### TO DO
Starting at the line that holds "using m13 1 by (auto simp: layer_def)" and stopping at the line that holds "using xm nodal_grid_nodes(3)[of", restate the records below word for word, with both of those lines included.

### DATA
========================================

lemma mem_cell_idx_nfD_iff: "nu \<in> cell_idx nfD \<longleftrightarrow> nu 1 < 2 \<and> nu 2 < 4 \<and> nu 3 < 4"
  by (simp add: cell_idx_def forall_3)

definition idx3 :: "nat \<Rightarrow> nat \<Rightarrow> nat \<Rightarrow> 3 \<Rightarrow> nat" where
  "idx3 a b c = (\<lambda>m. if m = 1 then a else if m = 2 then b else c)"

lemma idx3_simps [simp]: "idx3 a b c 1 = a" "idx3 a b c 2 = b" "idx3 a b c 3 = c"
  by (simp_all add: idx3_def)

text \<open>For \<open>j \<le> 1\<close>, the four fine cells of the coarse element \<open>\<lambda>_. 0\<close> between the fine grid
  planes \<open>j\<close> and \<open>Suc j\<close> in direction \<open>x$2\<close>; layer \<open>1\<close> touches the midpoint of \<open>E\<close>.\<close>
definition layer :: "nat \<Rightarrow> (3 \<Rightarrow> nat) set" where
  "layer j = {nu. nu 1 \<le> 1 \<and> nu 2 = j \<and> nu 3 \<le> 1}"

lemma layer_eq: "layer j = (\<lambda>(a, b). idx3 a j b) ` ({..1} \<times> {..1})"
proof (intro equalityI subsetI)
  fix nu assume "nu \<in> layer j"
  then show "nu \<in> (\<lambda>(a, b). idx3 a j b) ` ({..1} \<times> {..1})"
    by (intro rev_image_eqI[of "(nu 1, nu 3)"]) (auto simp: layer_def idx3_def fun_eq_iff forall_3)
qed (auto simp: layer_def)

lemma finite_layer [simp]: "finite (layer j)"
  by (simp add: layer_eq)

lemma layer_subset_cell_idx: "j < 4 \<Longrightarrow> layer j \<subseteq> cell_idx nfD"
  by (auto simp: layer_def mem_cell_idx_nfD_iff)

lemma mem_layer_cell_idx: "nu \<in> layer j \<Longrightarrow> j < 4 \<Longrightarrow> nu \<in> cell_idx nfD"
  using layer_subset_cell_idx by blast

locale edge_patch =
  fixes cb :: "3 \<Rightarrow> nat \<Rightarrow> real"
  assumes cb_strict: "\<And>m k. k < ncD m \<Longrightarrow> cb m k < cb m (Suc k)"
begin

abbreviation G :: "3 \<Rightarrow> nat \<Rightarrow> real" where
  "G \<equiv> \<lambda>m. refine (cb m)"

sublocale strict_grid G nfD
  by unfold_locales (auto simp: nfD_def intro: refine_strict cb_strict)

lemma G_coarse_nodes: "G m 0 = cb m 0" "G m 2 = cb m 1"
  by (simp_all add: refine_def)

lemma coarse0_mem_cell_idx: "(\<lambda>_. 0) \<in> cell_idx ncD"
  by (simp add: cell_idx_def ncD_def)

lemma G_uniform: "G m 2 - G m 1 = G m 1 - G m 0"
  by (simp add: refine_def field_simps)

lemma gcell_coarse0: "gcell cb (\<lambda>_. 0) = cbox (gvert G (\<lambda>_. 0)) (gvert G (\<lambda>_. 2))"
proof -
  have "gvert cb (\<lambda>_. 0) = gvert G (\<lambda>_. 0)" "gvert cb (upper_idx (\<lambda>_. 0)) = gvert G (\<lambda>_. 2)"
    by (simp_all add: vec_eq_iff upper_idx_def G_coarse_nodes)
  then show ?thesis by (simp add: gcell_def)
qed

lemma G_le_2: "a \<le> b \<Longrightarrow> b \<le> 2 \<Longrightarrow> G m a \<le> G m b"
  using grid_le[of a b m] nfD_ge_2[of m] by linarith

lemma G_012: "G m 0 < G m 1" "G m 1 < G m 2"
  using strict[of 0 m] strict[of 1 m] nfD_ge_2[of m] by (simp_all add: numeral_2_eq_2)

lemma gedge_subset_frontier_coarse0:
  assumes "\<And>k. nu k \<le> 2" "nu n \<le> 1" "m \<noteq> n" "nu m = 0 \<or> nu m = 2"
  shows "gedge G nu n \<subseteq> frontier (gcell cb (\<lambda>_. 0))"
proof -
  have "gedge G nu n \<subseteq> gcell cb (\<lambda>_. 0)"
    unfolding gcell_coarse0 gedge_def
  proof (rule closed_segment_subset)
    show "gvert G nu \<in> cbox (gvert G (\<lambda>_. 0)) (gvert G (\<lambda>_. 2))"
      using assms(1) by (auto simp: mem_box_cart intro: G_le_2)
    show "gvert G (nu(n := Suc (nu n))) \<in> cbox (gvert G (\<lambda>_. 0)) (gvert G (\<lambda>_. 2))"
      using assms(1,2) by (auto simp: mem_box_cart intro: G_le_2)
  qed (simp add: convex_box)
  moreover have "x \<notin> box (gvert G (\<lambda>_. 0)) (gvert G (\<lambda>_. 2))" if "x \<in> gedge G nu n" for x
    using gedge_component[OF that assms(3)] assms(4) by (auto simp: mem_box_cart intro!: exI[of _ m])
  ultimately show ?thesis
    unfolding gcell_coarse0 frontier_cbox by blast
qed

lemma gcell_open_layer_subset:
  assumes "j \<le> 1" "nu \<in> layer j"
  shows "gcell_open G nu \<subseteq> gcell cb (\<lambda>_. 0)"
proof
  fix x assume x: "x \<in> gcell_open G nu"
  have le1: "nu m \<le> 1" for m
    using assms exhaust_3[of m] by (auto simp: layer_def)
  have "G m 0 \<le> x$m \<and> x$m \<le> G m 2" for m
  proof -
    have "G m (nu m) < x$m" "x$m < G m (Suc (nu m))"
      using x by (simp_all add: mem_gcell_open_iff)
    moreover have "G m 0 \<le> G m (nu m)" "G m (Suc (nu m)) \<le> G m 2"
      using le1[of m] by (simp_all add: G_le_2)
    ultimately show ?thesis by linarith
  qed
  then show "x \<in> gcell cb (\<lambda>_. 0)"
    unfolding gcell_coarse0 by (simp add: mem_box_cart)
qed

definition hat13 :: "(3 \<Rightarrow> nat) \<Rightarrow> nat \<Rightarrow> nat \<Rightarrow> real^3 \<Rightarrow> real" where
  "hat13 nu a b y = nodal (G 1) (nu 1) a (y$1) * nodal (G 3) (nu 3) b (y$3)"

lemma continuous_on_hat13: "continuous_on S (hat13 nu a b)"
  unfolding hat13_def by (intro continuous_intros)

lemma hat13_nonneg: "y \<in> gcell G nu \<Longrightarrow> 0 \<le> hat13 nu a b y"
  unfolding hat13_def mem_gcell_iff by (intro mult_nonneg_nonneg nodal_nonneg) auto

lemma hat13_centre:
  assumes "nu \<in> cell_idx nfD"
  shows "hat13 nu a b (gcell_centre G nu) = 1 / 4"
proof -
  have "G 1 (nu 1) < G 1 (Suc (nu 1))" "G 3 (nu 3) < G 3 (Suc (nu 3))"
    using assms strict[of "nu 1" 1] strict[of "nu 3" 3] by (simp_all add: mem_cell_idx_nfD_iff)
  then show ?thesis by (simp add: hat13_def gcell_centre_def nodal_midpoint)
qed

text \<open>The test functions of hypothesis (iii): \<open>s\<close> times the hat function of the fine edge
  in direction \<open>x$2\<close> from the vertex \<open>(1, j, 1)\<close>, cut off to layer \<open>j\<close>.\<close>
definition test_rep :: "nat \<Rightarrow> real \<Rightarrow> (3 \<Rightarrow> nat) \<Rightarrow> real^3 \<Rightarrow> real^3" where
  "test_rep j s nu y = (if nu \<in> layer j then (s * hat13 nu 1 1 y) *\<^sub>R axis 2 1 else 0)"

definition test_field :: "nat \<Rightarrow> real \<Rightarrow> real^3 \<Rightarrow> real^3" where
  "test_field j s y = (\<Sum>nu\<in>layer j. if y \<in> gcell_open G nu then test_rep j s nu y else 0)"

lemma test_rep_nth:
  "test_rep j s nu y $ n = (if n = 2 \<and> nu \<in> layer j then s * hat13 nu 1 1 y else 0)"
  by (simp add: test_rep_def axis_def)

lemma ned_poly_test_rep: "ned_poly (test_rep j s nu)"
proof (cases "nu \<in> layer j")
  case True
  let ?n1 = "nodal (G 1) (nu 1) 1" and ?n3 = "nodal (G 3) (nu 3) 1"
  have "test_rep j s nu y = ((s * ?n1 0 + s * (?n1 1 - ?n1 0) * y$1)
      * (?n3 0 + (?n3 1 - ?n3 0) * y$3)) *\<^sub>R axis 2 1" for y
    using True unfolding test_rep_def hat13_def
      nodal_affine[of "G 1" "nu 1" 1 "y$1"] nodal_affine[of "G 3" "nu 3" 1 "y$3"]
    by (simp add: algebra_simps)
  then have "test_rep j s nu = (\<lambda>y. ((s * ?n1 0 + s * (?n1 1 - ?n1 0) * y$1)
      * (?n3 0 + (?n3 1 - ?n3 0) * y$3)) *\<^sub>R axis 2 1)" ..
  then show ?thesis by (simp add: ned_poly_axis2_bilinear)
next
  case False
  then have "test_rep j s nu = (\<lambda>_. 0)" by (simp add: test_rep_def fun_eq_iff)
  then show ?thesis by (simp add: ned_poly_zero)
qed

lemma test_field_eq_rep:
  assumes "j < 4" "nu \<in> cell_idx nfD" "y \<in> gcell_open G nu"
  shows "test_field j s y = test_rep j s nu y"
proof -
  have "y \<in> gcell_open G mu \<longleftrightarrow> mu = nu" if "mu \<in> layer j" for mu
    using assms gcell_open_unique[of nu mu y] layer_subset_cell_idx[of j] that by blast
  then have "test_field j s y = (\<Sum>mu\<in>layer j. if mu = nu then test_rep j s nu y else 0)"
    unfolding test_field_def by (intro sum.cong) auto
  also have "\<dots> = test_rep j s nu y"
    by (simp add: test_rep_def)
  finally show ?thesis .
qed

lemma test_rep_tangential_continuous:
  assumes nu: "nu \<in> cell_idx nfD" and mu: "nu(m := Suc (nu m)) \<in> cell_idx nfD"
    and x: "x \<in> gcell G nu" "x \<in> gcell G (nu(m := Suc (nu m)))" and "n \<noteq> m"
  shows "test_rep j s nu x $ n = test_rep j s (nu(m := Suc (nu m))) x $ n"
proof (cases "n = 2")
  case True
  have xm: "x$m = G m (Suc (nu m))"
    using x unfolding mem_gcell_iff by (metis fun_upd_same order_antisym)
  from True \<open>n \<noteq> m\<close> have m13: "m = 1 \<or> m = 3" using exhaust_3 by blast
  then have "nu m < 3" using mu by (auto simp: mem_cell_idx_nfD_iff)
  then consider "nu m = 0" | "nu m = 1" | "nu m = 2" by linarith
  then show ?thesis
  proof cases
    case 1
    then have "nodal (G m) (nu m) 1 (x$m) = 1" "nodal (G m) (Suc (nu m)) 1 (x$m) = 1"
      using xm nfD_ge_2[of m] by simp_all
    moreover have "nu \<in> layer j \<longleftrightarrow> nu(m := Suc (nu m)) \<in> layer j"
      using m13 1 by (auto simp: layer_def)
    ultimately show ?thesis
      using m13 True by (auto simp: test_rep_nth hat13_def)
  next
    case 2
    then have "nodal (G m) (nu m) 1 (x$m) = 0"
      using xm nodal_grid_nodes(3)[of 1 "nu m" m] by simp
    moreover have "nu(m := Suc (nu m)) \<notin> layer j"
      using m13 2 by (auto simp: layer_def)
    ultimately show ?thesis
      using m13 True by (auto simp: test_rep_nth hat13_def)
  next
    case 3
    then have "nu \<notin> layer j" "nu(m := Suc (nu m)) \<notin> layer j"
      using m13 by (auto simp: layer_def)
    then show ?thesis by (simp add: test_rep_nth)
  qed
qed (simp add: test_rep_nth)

========================================

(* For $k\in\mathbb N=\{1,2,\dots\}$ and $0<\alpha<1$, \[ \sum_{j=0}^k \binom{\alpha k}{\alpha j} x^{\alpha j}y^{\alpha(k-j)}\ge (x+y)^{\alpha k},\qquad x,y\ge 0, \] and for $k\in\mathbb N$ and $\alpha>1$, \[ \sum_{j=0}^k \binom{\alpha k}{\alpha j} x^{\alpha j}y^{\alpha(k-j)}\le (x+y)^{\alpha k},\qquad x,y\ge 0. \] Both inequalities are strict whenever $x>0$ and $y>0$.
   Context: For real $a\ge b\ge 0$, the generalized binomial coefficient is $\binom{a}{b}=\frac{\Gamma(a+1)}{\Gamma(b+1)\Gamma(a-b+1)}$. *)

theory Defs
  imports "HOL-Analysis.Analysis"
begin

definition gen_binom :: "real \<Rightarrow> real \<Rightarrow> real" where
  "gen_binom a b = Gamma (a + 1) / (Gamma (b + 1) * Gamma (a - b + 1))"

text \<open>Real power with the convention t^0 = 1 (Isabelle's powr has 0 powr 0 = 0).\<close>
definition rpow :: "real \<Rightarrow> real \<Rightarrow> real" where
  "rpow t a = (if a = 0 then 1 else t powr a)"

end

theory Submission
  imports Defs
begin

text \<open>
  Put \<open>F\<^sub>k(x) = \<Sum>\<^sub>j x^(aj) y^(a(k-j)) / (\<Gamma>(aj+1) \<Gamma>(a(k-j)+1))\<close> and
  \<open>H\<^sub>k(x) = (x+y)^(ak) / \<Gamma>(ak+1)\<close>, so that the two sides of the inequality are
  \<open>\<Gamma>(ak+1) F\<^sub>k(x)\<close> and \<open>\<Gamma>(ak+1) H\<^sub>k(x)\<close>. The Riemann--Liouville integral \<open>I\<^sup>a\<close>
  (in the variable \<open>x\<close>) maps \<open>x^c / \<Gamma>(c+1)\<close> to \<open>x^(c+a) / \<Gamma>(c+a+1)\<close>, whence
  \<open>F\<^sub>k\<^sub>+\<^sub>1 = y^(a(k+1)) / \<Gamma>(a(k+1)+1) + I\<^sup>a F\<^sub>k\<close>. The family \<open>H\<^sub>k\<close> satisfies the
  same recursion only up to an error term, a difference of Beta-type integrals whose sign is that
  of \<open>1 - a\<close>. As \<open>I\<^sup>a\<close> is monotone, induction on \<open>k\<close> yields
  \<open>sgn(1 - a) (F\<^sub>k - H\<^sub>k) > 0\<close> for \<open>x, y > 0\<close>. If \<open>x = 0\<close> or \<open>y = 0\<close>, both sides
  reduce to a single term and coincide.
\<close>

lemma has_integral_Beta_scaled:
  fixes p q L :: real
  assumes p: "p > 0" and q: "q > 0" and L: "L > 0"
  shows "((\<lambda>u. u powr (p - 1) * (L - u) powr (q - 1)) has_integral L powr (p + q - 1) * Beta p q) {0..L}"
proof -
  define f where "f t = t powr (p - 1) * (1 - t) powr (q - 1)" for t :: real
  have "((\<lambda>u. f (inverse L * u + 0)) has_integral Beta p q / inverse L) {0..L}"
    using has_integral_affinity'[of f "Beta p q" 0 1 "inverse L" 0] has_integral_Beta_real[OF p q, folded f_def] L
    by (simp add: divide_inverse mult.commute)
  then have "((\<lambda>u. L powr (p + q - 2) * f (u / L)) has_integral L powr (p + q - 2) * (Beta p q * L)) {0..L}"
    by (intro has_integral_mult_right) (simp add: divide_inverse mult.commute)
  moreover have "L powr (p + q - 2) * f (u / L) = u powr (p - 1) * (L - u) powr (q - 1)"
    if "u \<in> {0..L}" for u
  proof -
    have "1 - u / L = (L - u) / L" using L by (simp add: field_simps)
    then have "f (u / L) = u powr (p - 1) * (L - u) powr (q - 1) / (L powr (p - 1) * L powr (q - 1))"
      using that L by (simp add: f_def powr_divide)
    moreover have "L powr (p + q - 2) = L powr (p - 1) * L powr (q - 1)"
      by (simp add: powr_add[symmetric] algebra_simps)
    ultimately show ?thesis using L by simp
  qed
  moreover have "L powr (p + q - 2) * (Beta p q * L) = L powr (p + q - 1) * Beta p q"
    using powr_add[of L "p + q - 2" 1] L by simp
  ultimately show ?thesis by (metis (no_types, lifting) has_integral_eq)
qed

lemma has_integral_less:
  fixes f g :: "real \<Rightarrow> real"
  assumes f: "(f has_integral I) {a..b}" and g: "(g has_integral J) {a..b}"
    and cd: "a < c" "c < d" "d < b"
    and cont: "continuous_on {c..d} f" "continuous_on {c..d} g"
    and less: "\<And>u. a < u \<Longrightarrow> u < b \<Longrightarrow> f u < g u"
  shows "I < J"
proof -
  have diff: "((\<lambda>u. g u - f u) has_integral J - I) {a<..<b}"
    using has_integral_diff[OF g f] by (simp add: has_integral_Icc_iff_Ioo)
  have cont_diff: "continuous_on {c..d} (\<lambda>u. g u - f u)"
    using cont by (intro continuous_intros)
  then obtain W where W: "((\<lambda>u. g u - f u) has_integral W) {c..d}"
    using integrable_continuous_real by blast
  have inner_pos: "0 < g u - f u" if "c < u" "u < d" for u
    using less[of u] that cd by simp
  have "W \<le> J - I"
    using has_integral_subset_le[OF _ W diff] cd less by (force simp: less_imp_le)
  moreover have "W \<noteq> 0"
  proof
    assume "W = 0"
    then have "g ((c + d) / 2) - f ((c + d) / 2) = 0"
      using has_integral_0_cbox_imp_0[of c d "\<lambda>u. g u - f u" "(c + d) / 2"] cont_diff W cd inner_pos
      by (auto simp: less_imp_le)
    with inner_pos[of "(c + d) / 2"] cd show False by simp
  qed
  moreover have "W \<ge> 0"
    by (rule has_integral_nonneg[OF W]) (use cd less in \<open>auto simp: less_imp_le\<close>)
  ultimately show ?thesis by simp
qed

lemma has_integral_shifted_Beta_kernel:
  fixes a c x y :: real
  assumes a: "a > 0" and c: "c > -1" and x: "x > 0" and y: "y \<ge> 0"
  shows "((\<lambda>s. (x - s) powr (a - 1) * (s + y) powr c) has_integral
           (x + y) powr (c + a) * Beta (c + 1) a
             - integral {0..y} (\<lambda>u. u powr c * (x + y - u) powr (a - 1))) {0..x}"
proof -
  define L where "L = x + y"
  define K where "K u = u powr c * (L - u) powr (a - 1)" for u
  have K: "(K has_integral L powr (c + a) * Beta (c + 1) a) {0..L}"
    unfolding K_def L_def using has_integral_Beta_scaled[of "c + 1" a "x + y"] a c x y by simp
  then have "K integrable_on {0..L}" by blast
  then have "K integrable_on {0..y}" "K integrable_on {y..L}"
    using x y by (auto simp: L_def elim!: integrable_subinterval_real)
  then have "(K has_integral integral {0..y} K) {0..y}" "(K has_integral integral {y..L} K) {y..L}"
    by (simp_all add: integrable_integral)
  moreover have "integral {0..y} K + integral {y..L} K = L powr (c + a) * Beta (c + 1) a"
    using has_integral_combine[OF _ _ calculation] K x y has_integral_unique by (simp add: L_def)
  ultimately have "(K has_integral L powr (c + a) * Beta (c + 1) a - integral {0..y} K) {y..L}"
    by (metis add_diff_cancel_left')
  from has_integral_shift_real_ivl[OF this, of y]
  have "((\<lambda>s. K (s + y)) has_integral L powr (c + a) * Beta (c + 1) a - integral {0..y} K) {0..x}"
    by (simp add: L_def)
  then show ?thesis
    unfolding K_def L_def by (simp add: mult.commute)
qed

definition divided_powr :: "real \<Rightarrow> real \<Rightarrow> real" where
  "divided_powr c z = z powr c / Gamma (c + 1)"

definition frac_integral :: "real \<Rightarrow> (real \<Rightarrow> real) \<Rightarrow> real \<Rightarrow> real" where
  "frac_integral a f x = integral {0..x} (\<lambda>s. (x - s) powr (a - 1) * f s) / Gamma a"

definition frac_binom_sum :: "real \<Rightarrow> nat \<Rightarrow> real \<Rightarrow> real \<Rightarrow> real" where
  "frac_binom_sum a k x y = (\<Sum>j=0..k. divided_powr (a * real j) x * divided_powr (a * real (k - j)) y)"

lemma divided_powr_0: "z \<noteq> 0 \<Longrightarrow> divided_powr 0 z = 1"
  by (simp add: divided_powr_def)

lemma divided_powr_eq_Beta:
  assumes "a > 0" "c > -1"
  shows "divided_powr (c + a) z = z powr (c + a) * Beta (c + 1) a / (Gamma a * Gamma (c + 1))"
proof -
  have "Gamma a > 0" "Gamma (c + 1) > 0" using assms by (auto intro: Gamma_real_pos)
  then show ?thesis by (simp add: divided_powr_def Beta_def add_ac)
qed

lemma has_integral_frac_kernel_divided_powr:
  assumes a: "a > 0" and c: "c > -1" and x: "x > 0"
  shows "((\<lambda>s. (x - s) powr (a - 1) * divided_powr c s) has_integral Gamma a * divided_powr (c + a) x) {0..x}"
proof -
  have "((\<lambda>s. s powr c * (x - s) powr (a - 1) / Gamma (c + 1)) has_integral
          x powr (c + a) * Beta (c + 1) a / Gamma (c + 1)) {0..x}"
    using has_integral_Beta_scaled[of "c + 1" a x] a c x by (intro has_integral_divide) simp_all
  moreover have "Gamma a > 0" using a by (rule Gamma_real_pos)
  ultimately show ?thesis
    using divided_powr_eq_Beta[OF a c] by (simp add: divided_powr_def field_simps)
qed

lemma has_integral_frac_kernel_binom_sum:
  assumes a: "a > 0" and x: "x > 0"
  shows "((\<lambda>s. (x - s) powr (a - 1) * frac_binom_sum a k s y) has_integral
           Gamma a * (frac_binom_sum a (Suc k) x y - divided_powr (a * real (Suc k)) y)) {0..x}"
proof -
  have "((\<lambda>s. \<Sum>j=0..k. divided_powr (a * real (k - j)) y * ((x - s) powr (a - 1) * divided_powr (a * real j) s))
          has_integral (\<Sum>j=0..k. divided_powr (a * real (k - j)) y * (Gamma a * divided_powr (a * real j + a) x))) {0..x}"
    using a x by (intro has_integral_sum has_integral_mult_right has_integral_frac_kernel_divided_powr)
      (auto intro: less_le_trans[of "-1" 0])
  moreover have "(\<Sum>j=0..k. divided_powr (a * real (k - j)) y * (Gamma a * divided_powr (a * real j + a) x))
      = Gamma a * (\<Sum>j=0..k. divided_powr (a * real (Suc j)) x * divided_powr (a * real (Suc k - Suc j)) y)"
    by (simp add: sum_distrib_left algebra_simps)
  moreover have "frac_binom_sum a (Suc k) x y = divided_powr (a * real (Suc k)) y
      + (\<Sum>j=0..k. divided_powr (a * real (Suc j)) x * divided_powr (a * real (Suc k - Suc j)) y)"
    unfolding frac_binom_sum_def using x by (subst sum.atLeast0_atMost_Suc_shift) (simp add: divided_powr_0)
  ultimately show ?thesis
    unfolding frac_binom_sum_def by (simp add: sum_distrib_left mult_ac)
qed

========================================

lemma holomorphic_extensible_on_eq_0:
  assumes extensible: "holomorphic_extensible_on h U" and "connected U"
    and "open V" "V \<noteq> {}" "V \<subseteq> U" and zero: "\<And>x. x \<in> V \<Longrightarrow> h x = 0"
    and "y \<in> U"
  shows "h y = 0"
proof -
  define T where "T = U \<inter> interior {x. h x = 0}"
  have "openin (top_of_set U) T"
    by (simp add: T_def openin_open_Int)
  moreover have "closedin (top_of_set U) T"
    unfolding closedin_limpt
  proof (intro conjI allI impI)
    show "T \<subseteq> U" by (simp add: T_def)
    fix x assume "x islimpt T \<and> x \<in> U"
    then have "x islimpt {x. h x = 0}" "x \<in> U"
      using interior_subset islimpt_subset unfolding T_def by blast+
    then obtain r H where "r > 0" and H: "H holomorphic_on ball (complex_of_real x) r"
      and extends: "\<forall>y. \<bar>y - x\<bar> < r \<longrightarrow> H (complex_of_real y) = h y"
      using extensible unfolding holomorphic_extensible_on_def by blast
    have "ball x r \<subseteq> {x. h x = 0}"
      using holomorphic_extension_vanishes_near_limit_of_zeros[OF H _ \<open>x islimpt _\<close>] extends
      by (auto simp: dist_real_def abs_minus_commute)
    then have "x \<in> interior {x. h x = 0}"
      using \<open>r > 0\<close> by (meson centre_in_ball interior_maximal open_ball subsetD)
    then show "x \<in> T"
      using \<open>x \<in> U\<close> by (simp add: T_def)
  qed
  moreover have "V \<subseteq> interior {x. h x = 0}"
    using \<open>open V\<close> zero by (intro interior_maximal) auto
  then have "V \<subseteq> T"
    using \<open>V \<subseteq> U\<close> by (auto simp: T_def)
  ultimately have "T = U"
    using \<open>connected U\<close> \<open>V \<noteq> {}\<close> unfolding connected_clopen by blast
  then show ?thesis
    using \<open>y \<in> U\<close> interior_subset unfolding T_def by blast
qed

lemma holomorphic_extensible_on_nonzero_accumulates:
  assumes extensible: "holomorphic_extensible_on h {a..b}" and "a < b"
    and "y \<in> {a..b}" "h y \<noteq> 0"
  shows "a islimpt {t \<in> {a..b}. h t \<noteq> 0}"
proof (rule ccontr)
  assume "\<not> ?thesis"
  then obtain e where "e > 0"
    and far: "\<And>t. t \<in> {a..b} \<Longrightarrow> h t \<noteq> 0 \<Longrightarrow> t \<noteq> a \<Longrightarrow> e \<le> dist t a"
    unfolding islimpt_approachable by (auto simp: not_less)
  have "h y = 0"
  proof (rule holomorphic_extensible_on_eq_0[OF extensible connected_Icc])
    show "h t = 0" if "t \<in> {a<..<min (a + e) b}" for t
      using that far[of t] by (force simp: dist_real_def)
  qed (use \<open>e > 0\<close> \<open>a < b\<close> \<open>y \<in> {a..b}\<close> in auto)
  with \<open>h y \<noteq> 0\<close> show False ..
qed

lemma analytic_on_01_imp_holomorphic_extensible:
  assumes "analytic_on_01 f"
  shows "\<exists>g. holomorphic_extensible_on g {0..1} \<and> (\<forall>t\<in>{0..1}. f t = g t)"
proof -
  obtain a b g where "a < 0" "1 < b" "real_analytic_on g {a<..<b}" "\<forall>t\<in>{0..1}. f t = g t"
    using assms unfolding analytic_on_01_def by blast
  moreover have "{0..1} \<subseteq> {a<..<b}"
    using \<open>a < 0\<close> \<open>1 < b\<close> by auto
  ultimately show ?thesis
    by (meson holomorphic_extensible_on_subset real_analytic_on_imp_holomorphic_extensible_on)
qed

========================================

### THE ANSWER
      using m13 1 by (auto simp: layer_def)
    ultimately show ?thesis
      using m13 True by (auto simp: test_rep_nth hat13_def)
  next
    case 2
    then have "nodal (G m) (nu m) 1 (x$m) = 0"
      using xm nodal_grid_nodes(3)[of 1 "nu m" m] by simp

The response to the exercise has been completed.